We also obtained two Haemophilus isolates, both from patient C. Neither strain contained the capsule biosynthesis locus and thus represent nontypeable H. influenzae (NTHi) which make up the majority of respiratory mucosal associated infections (Erwin et al., 2008). NTHi are a diverse population (Erwin et al., 2008), reflecting their ability to be both commensal and pathogenic, and this diversity is illustrated in the two analysed strains which were obviously dissimilar (Fig. S3B). Despite this dissimilarity, both strains displayed susceptibility to all three antibiotics tested: ampicillin, cefotaxime and sulfamethoxazole plus trimethoprim. Differences were observed, however, between the virulence factor genes present in the two strains. C10 contains the high-molecular weight adhesins HMW1 and HMW2 which are the major adhesins in ∼80% of NTHi strains (St. Geme et al., 1998) and are associated with acute otitis media (Krasan et al., 1999; Ecevit et al., 2004). Strains lacking HMW1 and HMW2 typically contain an alternative adhesin, hia (St. Geme et al., 1998), however C1 does not contain this gene either. C1 does however contain a haemagglutinating pili gene cluster consisting of five genes, absent from C10. These clusters are predicted to be important for nasopharyngeal colonisation (Krasan et al., 1999; Ecevit et al., 2004). C1 also contains a unique Type I CRISPR-Cas system (Makarova et al., 2011) resembling that of H. haemolyticus strain M21621 (NCBI acc. NZ_AFQQ01000000). Four spacer sequences were contained within the region. No CRISPR system was identified in C10. The divergent nature of these two isolates obtained from the same patient is typical of NTHi where sequential isolates are generally found to be different strains (Kaur et al., 2011; Cardines et al., 2012). Moreover, ANI and concatenated marker gene analysis of the genomes suggests that isolate C1 is not an H. influenzae strain (<95% ANI, Fig. S3B; Goris et al., 2007) having a closer ANI to H. haemolyticus (ANI 93.8 vs. 91.9%) and clustering with representatives of this species (Fig. S5).

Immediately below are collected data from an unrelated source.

(* Let $n\ge3$ and let $\mathbf{u}\approx\mathbf{v}$ be an efficient rigid identity that is violated by $\mathbf{A}_n$ but satisfied by $\mathbf{A}_n\{\mathtt{B}_n\}$. Then the set $\{\mathbf{u}\approx\mathbf{v}\}$ is equivalent (i.e. each is derivable from the other, so they define the same variety) to some subset of the identities in $\mathtt{B}_n$, namely to a set of identities of the form $\mathbf{s}\approx\mathbf{t}$ with $\mathbf{s},\mathbf{t}\in\mathsf{B}_n$ (up to renaming the variable $t$).
   Context: All varieties are varieties of monoids (signature: associative binary operation and identity constant $1$). Words are elements of the free monoid $X^*$ over a countably infinite set $X$ of variables; identities are pairs of words, and variables may be substituted by $1$. For a variety $\mathbf{V}$ and set $\Sigma$ of identities, $\mathbf{V}\Sigma$ is the subvariety defined by $\Sigma$. $\mathbf{O}$ is the variety defined by $xyt_1xt_2y \approx yxt_1xt_2y$, $xt_1xyt_2y \approx xt_1yxt_2y$, $xt_1yt_2xy \approx xt_1yt_2yx$. For $n\ge3$, $\mathtt{A}_n$ is $x^n t_1\cdots t_n \approx t_1x\,t_2x\cdots t_nx$, $\mathtt{B}_n$ is the set of identities $x^{n-1}t \approx x^{n-2}tx \approx\cdots\approx xtx^{n-2}\approx tx^{n-1}$, $\mathsf{B}_n=\{x^{n-1-j}tx^{j}:0\le j\le n-1\}$, and $\mathbf{A}_n=\mathbf{O}\{\mathtt{A}_n\}$. A rigid identity is an identity $x^{e_0}t_1x^{e_1}\cdots t_rx^{e_r}\approx x^{f_0}t_1x^{f_1}\cdots t_rx^{f_r}$ with $r\ge0$, $e_i,f_i\ge0$ and $x,t_1,\dots,t_r$ distinct variables; it is efficient if $(e_i,f_i)\ne(0,0)$ for every $i=0,\dots,r$. *)

theory Defs
  imports Main
begin

(* Variables are natural numbers (a countably infinite set X); words are
   elements of the free monoid X^*, i.e. lists; an identity is a pair of words. *)
type_synonym word = "nat list"
type_synonym identity = "word \<times> word"

(* Substitution: a monoid endomorphism of X^*, given by images of variables
   (variables may be sent to the empty word 1). *)
definition subst :: "(nat \<Rightarrow> word) \<Rightarrow> word \<Rightarrow> word" where
  "subst \<sigma> w = concat (map \<sigma> w)"

(* By Birkhoff's completeness theorem, derives Sigma u v holds iff every monoid
   satisfying Sigma satisfies u ~ v, i.e. iff the variety defined by Sigma
   satisfies u ~ v. *)
inductive derives :: "identity set \<Rightarrow> word \<Rightarrow> word \<Rightarrow> bool" for \<Sigma> where
  ax:    "(u, v) \<in> \<Sigma> \<Longrightarrow> derives \<Sigma> u v"
| refl:  "derives \<Sigma> u u"
| sym:   "derives \<Sigma> u v \<Longrightarrow> derives \<Sigma> v u"
| trans: "derives \<Sigma> u v \<Longrightarrow> derives \<Sigma> v w \<Longrightarrow> derives \<Sigma> u w"
| subst: "derives \<Sigma> u v \<Longrightarrow> derives \<Sigma> (subst \<sigma> u) (subst \<sigma> v)"
| mult:  "derives \<Sigma> u v \<Longrightarrow> derives \<Sigma> (p @ u @ q) (p @ v @ q)"

(* Defining identities of O, with x = 0, y = 1, t1 = 2, t2 = 3. *)
definition O_ids :: "identity set" where
  "O_ids = {([0,1,2,0,3,1], [1,0,2,0,3,1]),
            ([0,2,0,1,3,1], [0,2,1,0,3,1]),
            ([0,2,1,3,0,1], [0,2,1,3,1,0])}"

(* The identity A_n : x^n t1 ... tn ~ t1 x t2 x ... tn x, with x = 0, ti = i. *)
definition A_identity :: "nat \<Rightarrow> identity" where
  "A_identity n = (replicate n 0 @ [1..<n+1], concat (map (\<lambda>i. [i, 0]) [1..<n+1]))"

definition An_ids :: "nat \<Rightarrow> identity set" where
  "An_ids n = O_ids \<union> {A_identity n}"

(* The set of words B_n = { x^(n-1-j) t x^j : 0 <= j <= n-1 }, with x = 0, t = 1. *)
definition B_words :: "nat \<Rightarrow> word set" where
  "B_words n = {replicate (n - 1 - j) 0 @ [1] @ replicate j 0 | j. j \<le> n - 1}"

definition B_ids :: "nat \<Rightarrow> identity set" where
  "B_ids n = {(s, t). s \<in> B_words n \<and> t \<in> B_words n}"

(* x^(e0) t1 x^(e1) ... tr x^(er), with ts = [t1,...,tr], es = [e0,...,er]. *)
definition rigid_word :: "nat \<Rightarrow> nat list \<Rightarrow> nat list \<Rightarrow> word" where
  "rigid_word x ts es =
     replicate (es ! 0) x @ concat (map (\<lambda>i. (ts ! i) # replicate (es ! (i + 1)) x) [0..<length ts])"

definition efficient_rigid :: "word \<Rightarrow> word \<Rightarrow> bool" where
  "efficient_rigid u v \<longleftrightarrow>
     (\<exists>x ts es fs. distinct (x # ts) \<and>
        length es = length ts + 1 \<and> length fs = length ts + 1 \<and>
        (\<forall>i < length es. es ! i \<noteq> 0 \<or> fs ! i \<noteq> 0) \<and>
        u = rigid_word x ts es \<and> v = rigid_word x ts fs)"

end

theory Submission
  imports Defs
begin

text \<open>
  Every consequence \<open>u \<approx> v\<close> of \<open>A\<^sub>n \<union> B\<^sub>n\<close> has the following property under every
  substitution: both sides have the same letter content, and if the left side is \<^emph>\<open>restricted\<close>
  (\<open>x\<close> occurs at most \<open>n - 1\<close> times, every other letter at most once), then either the two
  sides are equal, or both contain exactly \<open>n - 1\<close> copies of \<open>x\<close> in at most two blocks and agree
  once \<open>x\<close> is erased. For a rigid identity not derivable from \<open>A\<^sub>n\<close>, both sides contain
  fewer than \<open>n\<close> copies of \<open>x\<close> (otherwise \<open>A\<^sub>n\<close> collects all of them in front), so the left
  side is restricted and the invariant forces each side to consist of \<open>n - 1\<close> copies of \<open>x\<close>
  in at most two blocks; efficiency then leaves at most three letters \<open>t\<^sub>i\<close>. Deleting all
  \<open>t\<^sub>j\<close> but one turns \<open>u \<approx> v\<close> into identities of \<open>B\<^sub>n\<close>, and conversely these finitely
  many identities suffice to move the blocks of \<open>x\<close> from their places in \<open>u\<close> to those in \<open>v\<close>,
  passing through words with a single block.
\<close>

lemma subst_Nil [simp]: "subst \<sigma> [] = []"
  by (simp add: subst_def)

lemma subst_Cons [simp]: "subst \<sigma> (a # w) = \<sigma> a @ subst \<sigma> w"
  by (simp add: subst_def)

lemma subst_append [simp]: "subst \<sigma> (v @ w) = subst \<sigma> v @ subst \<sigma> w"
  by (simp add: subst_def)

lemma subst_replicate [simp]: "subst \<sigma> (replicate k a) = concat (replicate k (\<sigma> a))"
  by (induct k) auto

lemma subst_concat: "subst \<sigma> (concat ws) = concat (map (subst \<sigma>) ws)"
  by (induct ws) auto

lemma subst_subst: "subst \<sigma> (subst \<tau> w) = subst (\<lambda>y. subst \<sigma> (\<tau> y)) w"
  by (induct w) auto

Absence of lateral acquisition of antibiotic resistance genes and virulence factors between investigated species

The CF lung represents a diverse microbial community with sputum and BAL samples typically yielding multiple species per sample (Harris et al., 2007; Bittar et al., 2008). This cohabitation provides scope for lateral gene transfer both within and between species and the selective pressure applied by continual antibiotic therapy, coupled with the potential for antimicrobials to induce phage movement, means the CF microbial community needs to be considered as a whole (reviewed in Rolain et al., 2011). We were unable to identify any potential examples of lateral transfer occurring between isolates within the analysed dataset that could not be explained by shared evolutionary history. This may be due to the temporal isolation of most of the isolates, with few being obtained at the same time point. It is also likely a product of our relatively small sample size and the study of a single isolate at each time point. The E. cloacae example discussed above supports the possibility of identifying transfer events from outside the dataset, therefore we also examined predicted mobile elements in each of the strains for evidence of general acquisition. While we identified some elements with unique arrangements, we found no further evidence of recently acquired elements containing antibiotic resistance genes.